Benzimidazole molecular skeleton found in some clinical therapeutic agents.
Unfortunately, many of these methods suffer from drawbacks such as drastic reaction conditions [14], low yields [16], tedious workup procedures [22] and co-occurrence of several side reactions [20]. As a consequence, the introduction of an efficient and mild method is still needed to overcome these limitations.
Methods
Results and discussion
Herein, we report a simple and efficient protocol for the synthesis of benzimidazoles using the catalyst cadmium chloride. In a preliminary study, we have examined the reaction of 1,2-phenylenediamine or ortho-phenylenediamine (OPD) (1 in Scheme 1) and benzaldehyde (2 in Scheme 1) in the presence of cadmium chloride to optimize the reaction conditions. The optimal conditions were found to involve the use of OPD and aldehydes in 1:1 molar ratios, with the catalyst loading of 10 mol% in acetonitrile at 80°C to 85°C. As per the optimized conditions, the OPD and benzaldehyde reaction was completed within 3 h to give the corresponding product of 2-phenylbenzimidazole (3a) in excellent yield, as shown in Scheme 1.
The OPD and benzaldehyde reaction producing 2-phenylbenzimidazole.

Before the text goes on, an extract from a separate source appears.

(* Let $n\ge2$, $k\ge1$, $i\in\{1,\dots,n\}$, $t\in\mathbb Z$, and $a\in U(\bar{\mathfrak n}_-)$ (regarded in $\widetilde{U(\bar{\mathfrak n})}$ via $\iota$). Then $$\mathcal R^i_t\,a\in\iota(I_{k\Lambda_0})+\widetilde{U(\bar{\mathfrak n})\bar{\mathfrak n}_+}.$$
   Context: $\mathfrak g=\mathfrak{sl}(n+1)$ with simple roots $\alpha_1,\dots,\alpha_n$, positive roots $\Delta_+$, root vectors $x_\alpha$ with $[x_\alpha,x_\beta]=C_{\alpha,\beta}x_{\alpha+\beta}$ ($C_{\alpha,\beta}=0$ if $\alpha+\beta\notin\Delta_+$), $\mathfrak n=\bigoplus_{\alpha\in\Delta_+}\mathbb Cx_\alpha$, $\bar{\mathfrak n}=\mathfrak n\otimes\mathbb C[t,t^{-1}]\subset\widehat{\mathfrak g}$, $x_\alpha(m)=x_\alpha\otimes t^m$, $\bar{\mathfrak n}_+=\mathfrak n\otimes\mathbb C[t]$, $\bar{\mathfrak n}_-=\mathfrak n\otimes t^{-1}\mathbb C[t^{-1}]$. Completion: let $M$ be the free monoid on $\mathbb Z\times\Delta_+$ (finite words $a=((m_1,\beta_1),\dots,(m_p,\beta_p))$, product = concatenation $\circ$). For $j\in\mathbb Z$ write $a\le j$ if $m_l+m_{l+1}+\cdots+m_p\le j$ for every $l$. Let $F$ be the set of functions $\mu:M\to\mathbb C$ such that $\{a\le j:\mu(a)\ne0\}$ is finite for every $j$; it is an algebra under $(\mu_1\mu_2)(a)=\sum_{a=b\circ c}\mu_1(b)\mu_2(c)$, containing the free algebra $F_0$ of finitely supported functions, generated by the indicator functions $X_\beta(m)$ of one-letter words; every $\mu\in F$ is written $\sum_a\mu(a)X(a)$ with $X(a)=X_{\beta_1}(m_1)\cdots X_{\beta_p}(m_p)$. Let $\widetilde I$ be the two-sided ideal of $F$ generated by $X_\alpha(m)X_\beta(l)-X_\beta(l)X_\alpha(m)-C_{\alpha,\beta}X_{\alpha+\beta}(m+l)$, and $\widetilde{U(\bar{\mathfrak n})}=F/\widetilde I$, with $[\mu]$ the class of $\mu$ and $\iota:U(\bar{\mathfrak n})\to\widetilde{U(\bar{\mathfrak n})}$ the homomorphism $x_\beta(m)\mapsto[X_\beta(m)]$; we write $x_\beta(m)$ for $[X_\beta(m)]$. Let $M_+$ be the set of words with $p\ge1$ such that $m_l+\cdots+m_p\ge0$ for some $l$, and $\widetilde{U(\bar{\mathfrak n})\bar{\mathfrak n}_+}=\{[\mu]:\mu\in F,\ \mu(a)=0\text{ for }a\notin M_+\}$. For a sequence $(m_1,\dots,m_{k+1})$ whose distinct values occur with multiplicities $n_1,\dots,n_j$, let $c_{m_1,\dots,m_{k+1}}=(k+1)!/(n_1!\cdots n_j!)$. For $t\in\mathbb Z$, $R^i_{-1,t}=\sum_{m_1+\cdots+m_{k+1}=-t,\ m_l\le-1}x_{\alpha_i}(m_1)\cdots x_{\alpha_i}(m_{k+1})\in U(\bar{\mathfrak n})$, and $\mathcal R^i_t=\iota(R^i_{-1,t})+\sum_{m_1\le\cdots\le m_{k+1},\ m_1+\cdots+m_{k+1}=-t,\ m_{k+1}\ge0}c_{m_1,\dots,m_{k+1}}x_{\alpha_i}(m_1)\cdots x_{\alpha_i}(m_{k+1})\in\widetilde{U(\bar{\mathfrak n})}$ (the class of the corresponding element of $F$). Finally $I_{k\Lambda_0}=\sum_{i=1}^n\sum_{t\ge k+1}U(\bar{\mathfrak n})R^i_{-1,t}+U(\bar{\mathfrak n})\bar{\mathfrak n}_+$, a left ideal of $U(\bar{\mathfrak n})$. *)

theory Defs
  imports Complex_Main "HOL-Library.Multiset"
begin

Encouraged by the result obtained with benzaldehyde and OPD, the method was applied to various aldehydes to establish the generality of the protocol. As shown in the Table 1, aromatic, heteroaromatic, α- and β-unsaturated aldehyde and aliphatic aldehydes reacted very well to afford the corresponding products of benzimidazole derivatives in very good to excellent yields. In general, the aromatic aldehydes having electron-donating groups and heteroaromatic compounds reacted faster when compared with other aldehydes. Also, the aliphatic aldehydes and aromatic aldehydes containing electron-withdrawing groups reacted comparatively slower in terms of reaction rate and yields. Among several organic solvents tested for this condensation reaction, such as dichloromethane, DMF, methanol, dioxane, THF and acetonitrile, the better conversion and easy isolation of products were found to be with acetonitrile. To test the solvent's role in the reaction, one experiment was carried out with benzaldehyde and OPD in the presence of the catalyst cadmium chloride, but in the absence of solvent. This reaction did not go to completion (80 %) even after stirring for a period of 10 h. In a similar manner, one blank experiment was carried out without the use of catalyst, and no product was formed after 10 h of stirring. Finally, it was decided that the suitable conditions for this condensation is in a solvent and in the presence of an activator or promoter. In general, under the optimized condition, all the reactions went to completion within 3 to 5 h, with the desired product in the range of 80 % to 90 %. All of the products were characterized by their proton nuclear magnetic resonance (1 H NMR), infrared (IR) and mass spectroscopy data.
Experimental
General methods
Melting points were recorded on a Buchi R-535 apparatus (BUCHI India Private Ltd., Mumbai, India) and were uncorrected. IR spectra were recorded on a Perkin-Elmer FT-IR 240-c spectrophotometer (PerkinElmer, Inc., Waltham, MA, USA) using a KBr disk. 1 H NMR spectra were recorded on a Gemini-200 spectrometer (HORIBA India Private Ltd., New Delhi, India) in CDCl3 using TMS as internal standard. Mass spectra were recorded on a Finnigan MAT 1020 mass spectrometer (THERMO Scientific, Waltham, MA, USA) operating at 70 eV.
General procedure
A mixture of ortho-phenylenediamine (216 mg, 2 mmol) and benzaldehyde (212 mg, 2 mmol) in the presence of cadmium chloride (18.3 mg, 10 mol%) was stirred in acetonitrile (5 mL) at 80°C to 85°C. The progress of the reaction was monitored by thin layer chromatography (TLC). After completion of the reaction as indicated by TLC, the solvent was removed under reduced pressure. The residue was dissolved in ethyl acetate and washed with water and brine. The organic layer was dried over Na2SO4 and concentrated under reduced pressure. The crude products were purified by column chromatography using ethyl acetate-hexane mixture in 3:7 ratio. All the products were identified by their 1 H NMR, IR and mass spectroscopy data and compared with literature reports.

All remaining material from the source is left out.